| HN Mirror

Y	Hacker News new \| ask \| show \| jobs

by paddy_m 588 days ago

Nice work!

Do you have any plans for data cleaning?

I am working on a somewhat similar open source project. I intend to add heuristic data cleaning. With the UI I want to be able to toggle between different strategies quickly - strip characters from a column to treat it as numeric, if less than 2% or 5% of values have a character, fill na with mean, interpret dates in different formats - drop if the date doesn't parse. The idea bing that if it's really quick to change between different strategies, you can create more opinionated strategies to get to the right answer faster.

Happy to collaborate and talk tables with anyone who's interested.

2 comments

kengoa 588 days ago

Yes I do have plans for data preprocessing using DuckDB WebAssembly (I have upcoming features secion in this blog: https://kengoa.github.io/software/2024/11/03/small-software....) but this will require SQL which some of the target audience might not be familiar with. I'm thinking of something like visual query builder from metabase.

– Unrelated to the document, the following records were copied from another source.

lemma bdd_above_feasible_objectives:
  assumes "0 < alpha" "alpha < beta" "0 < lam"
    and smono: "strict_mono_on {0..1} Wm" "strict_mono_on {0..1} Wp"
    and nm: "1 \<le> nm" and np: "1 \<le> np" and N: "nm + np \<le> N"
  shows "bdd_above {objective nm np vm vp | vm vp. feasible alpha beta lam Wm Wp N nm np vm vp}"
proof -
  define g where "g = hm Wm N 1"
  define H where "H = Wp 1 - Wp 0"
  have g: "0 < g"
    using hm_pos[OF smono(1)] nm N by (simp add: g_def)
  have H: "0 < H"
    using smono(2) by (simp add: H_def strict_mono_on_def)
  define c where "c = lam * g / (real np * H)"
  have c: "0 < c"
    using assms g H by (simp add: c_def)
  define K where "K = real nm * (real nm powr alpha / c) powr (1 / (beta - alpha))"
  show ?thesis
  proof (rule bdd_aboveI[where M = K], clarify)
    fix vm vp
    assume feas: "feasible alpha beta lam Wm Wp N nm np vm vp"
    define M where "M = - vm 1"
    define W where "W = vp np"
    have vm: "vm 1 \<le> vm i" "vm i \<le> 0" if "i \<in> {1..nm}" for i
      using feasible_loss_bounds[OF feas that] by auto
    have vp: "0 \<le> vp j" "vp j \<le> W" if "j \<in> {1..np}" for j
      using feasible_gain_bounds[OF feas that] by (auto simp: W_def)
    have M: "0 \<le> M"
      using vm[of 1] nm by (simp add: M_def)
    have W: "0 \<le> W"
      using vp[of np] np by simp
    have "(\<Sum>i=1..nm. hm Wm N i * U alpha beta lam (vm i)) \<le> - lam * g * M powr beta"
    proof -
      have "(\<Sum>i=Suc 1..nm. hm Wm N i * U alpha beta lam (vm i)) \<le> 0"
      proof (rule sum_nonpos)
        fix i
        assume i: "i \<in> {Suc 1..nm}"
        then have "0 \<le> hm Wm N i"
          using hm_pos[OF smono(1), of i N] N by auto
        moreover have "U alpha beta lam (vm i) \<le> 0"
          using vm(2)[of i] i assms by (simp add: U_nonpos)
        ultimately show "hm Wm N i * U alpha beta lam (vm i) \<le> 0"
          by (rule mult_nonneg_nonpos)
      qed
      then show ?thesis
        unfolding sum.atLeast_Suc_atMost[OF nm] using vm[of 1] nm by (simp add: U_nonpos M_def g_def)
    qed
    moreover have "(\<Sum>j=1..np. hp Wp N np j * U alpha beta lam (vp j)) \<le> real np * (H * W powr alpha)"
    proof -
      have "(\<Sum>j=1..np. hp Wp N np j * U alpha beta lam (vp j)) \<le> real (card {1..np}) * (H * W powr alpha)"
      proof (rule sum_bounded_above)
        fix j
        assume j: "j \<in> {1..np}"
        have "hp Wp N np j \<le> H" "0 \<le> hp Wp N np j"
          using hp_le[OF smono(2)] hp_pos[OF smono(2)] j N by (auto simp: H_def less_imp_le)
        moreover have "U alpha beta lam (vp j) \<le> W powr alpha" "0 \<le> U alpha beta lam (vp j)"
          using vp[OF j] assms by (auto simp: U_nonneg intro: powr_mono2)
        ultimately show "hp Wp N np j * U alpha beta lam (vp j) \<le> H * W powr alpha"
          by (intro mult_mono) auto
      qed
      then show ?thesis by simp
    qed
    ultimately have "lam * g * M powr beta \<le> real np * H * W powr alpha"
      using feas unfolding feasible_def by (simp add: mult.assoc)
    then have "c * M powr beta \<le> W powr alpha"
      using np H by (simp add: c_def field_simps)
    then have "real nm * M - W \<le> K"
      unfolding K_def using linear_diff_le_if_powr_le[of alpha beta c "real nm" M W] assms c nm M W
      by simp
    moreover have "(\<Sum>i=1..nm. - vm i) \<le> real nm * M"
      using sum_bounded_above[of "{1..nm}" "\<lambda>i. - vm i" M] vm by (simp add: M_def)
    moreover have "W \<le> (\<Sum>j=1..np. vp j)"
      unfolding W_def by (rule member_le_sum) (use vp np in auto)
    ultimately show "objective nm np vm vp \<le> K"
      by (simp add: objective_def)
  qed
qed

lemma objective_le_Phi:
  assumes "0 < alpha" "alpha < beta" "0 < lam"
    and "strict_mono_on {0..1} Wm" "strict_mono_on {0..1} Wp"
    and "1 \<le> nm" "1 \<le> np" "nm + np \<le> N"
    and "feasible alpha beta lam Wm Wp N nm np wm wp"
  shows "objective nm np wm wp \<le> Phi alpha beta lam Wm Wp N nm np"
  unfolding Phi_def using assms bdd_above_feasible_objectives[OF assms(1-8)]
  by (auto intro!: cSup_upper)

definition prepend_zero :: "(nat \<Rightarrow> real) \<Rightarrow> nat \<Rightarrow> real" where
  "prepend_zero w j = (if j \<le> 1 then 0 else w (j - 1))"

lemma sum_prepend_zero:
  fixes f :: "nat \<Rightarrow> real \<Rightarrow> real"
  assumes "f 1 0 = 0"
  shows "(\<Sum>j=1..Suc n. f j (prepend_zero w j)) = (\<Sum>j=1..n. f (Suc j) (w j))"
proof -
  have "(\<Sum>j=1..Suc n. f j (prepend_zero w j))
        = f 1 (prepend_zero w 1) + (\<Sum>j=Suc 1..Suc n. f j (prepend_zero w j))"
    by (rule sum.atLeast_Suc_atMost) simp
  also have "(\<Sum>j=Suc 1..Suc n. f j (prepend_zero w j)) = (\<Sum>j=1..n. f (Suc j) (prepend_zero w (Suc j)))"
    by (rule sum.shift_bounds_cl_Suc_ivl)
  also have "\<dots> = (\<Sum>j=1..n. f (Suc j) (w j))"
    by (rule sum.cong) (auto simp: prepend_zero_def)
  finally show ?thesis
    using assms by (simp add: prepend_zero_def)
qed

lemma feasible_move_zero_loss_to_gains:
  assumes feas: "feasible alpha beta lam Wm Wp N (Suc nm) np wm wp" and last: "wm (Suc nm) = 0"
  shows "feasible alpha beta lam Wm Wp N nm (Suc np) wm (prepend_zero wp)"
    and "objective nm (Suc np) wm (prepend_zero wp) = objective (Suc nm) np wm wp"
proof -
  have "(\<Sum>j=1..Suc np. hp Wp N (Suc np) j * U alpha beta lam (prepend_zero wp j))
        = (\<Sum>j=1..np. hp Wp N np j * U alpha beta lam (wp j))"
    by (subst sum_prepend_zero) (simp_all add: U_nonneg hp_Suc)
  moreover have "(\<Sum>i=1..Suc nm. hm Wm N i * U alpha beta lam (wm i))
        = (\<Sum>i=1..nm. hm Wm N i * U alpha beta lam (wm i))"
    using last by (simp add: U_nonneg)
  moreover have "wm nm \<le> 0" if "1 \<le> nm"
    using feasible_loss_bounds[OF feas, of nm] last that by simp
  moreover have "prepend_zero wp j \<le> prepend_zero wp (Suc j)" if j: "j \<in> {1..<Suc np}" for j
  proof (cases "j = 1")
    case True
    then show ?thesis
      using feasible_gain_bounds[OF feas, of 1] j by (simp add: prepend_zero_def)
  next
    case False
    then have "j - 1 \<in> {1..<np}"
      using j by auto
    then have "wp (j - 1) \<le> wp (j - 1 + 1)"
      using feas unfolding feasible_def by blast
    then show ?thesis
      using False j by (simp add: prepend_zero_def)
  qed
  ultimately show "feasible alpha beta lam Wm Wp N nm (Suc np) wm (prepend_zero wp)"
    using feas by (auto simp: feasible_def prepend_zero_def)
  have "(\<Sum>j=1..Suc np. prepend_zero wp j) = (\<Sum>j=1..np. wp j)"
    by (rule sum_prepend_zero[where f = "\<lambda>_ x. x"]) simp
  then show "objective nm (Suc np) wm (prepend_zero wp) = objective (Suc nm) np wm wp"
    using last by (simp add: objective_def)
qed

lemma objective_lt_Phi_if_last_loss_zero:
  assumes "0 < alpha" "alpha < beta" "beta \<le> 1" "0 < lam"
    and smono: "strict_mono_on {0..1} Wm" "strict_mono_on {0..1} Wp"
    and N: "Suc nm + np \<le> N"
    and feas: "feasible alpha beta lam Wm Wp N (Suc nm) np wm wp" and last: "wm (Suc nm) = 0"
    and pos: "0 < objective (Suc nm) np wm wp"
  shows "objective (Suc nm) np wm wp < Phi alpha beta lam Wm Wp N nm (Suc np)"
proof -
  have nm: "1 \<le> nm"
  proof (rule ccontr)
    assume "\<not> 1 \<le> nm"
    then have "objective (Suc nm) np wm wp = - (\<Sum>j=1..np. wp j)"
      using last by (simp add: objective_def)
    also have "\<dots> \<le> 0"
      using feasible_gain_bounds[OF feas] by (smt (verit) sum_nonneg)
    finally show False
      using pos by simp
  qed
  note shifted = feasible_move_zero_loss_to_gains[OF feas last]
  have "nm + Suc np \<le> N" "prepend_zero wp 1 = 0"
    using N by (simp_all add: prepend_zero_def)
  then obtain vm vp where better: "feasible alpha beta lam Wm Wp N nm (Suc np) vm vp"
    "objective nm (Suc np) wm (prepend_zero wp) < objective nm (Suc np) vm vp"
    using feasible_improve_if_first_gain_zero[OF assms(1-4) smono nm _ _ shifted(1)] by auto
  have "objective nm (Suc np) vm vp \<le> Phi alpha beta lam Wm Wp N nm (Suc np)"
    using objective_le_Phi[OF assms(1,2,4) smono nm _ \<open>nm + Suc np \<le> N\<close> better(1)] by simp
  then show ?thesis
    using better(2) shifted(2) by simp
qed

> With the UI I want to be able to toggle between different strategies quickly - strip characters from a column to treat it as numeric, if less than 2% or 5% of values have a character, fill na with mean, interpret dates in different formats - drop if the date doesn't parse

Those are really good examples and I can make those predefined preproccesing techniques available as toggles in the dataset tab. Thanks for the feedback!

remolacha 588 days ago

not quite what you're describing, but I open-sourced a fuzzy deduplication tool last week: https://dedupe.it Would be interested in expanding it to deal with data cleaning more broadly

turtlebits 588 days ago

Not sure if you have introduced an artificial delay, but deduping ~25 rows shouldn't take 5+ seconds...

edit: I see you're using an LLM, but " ~$8.40 per 1k records" sounds unsustainable.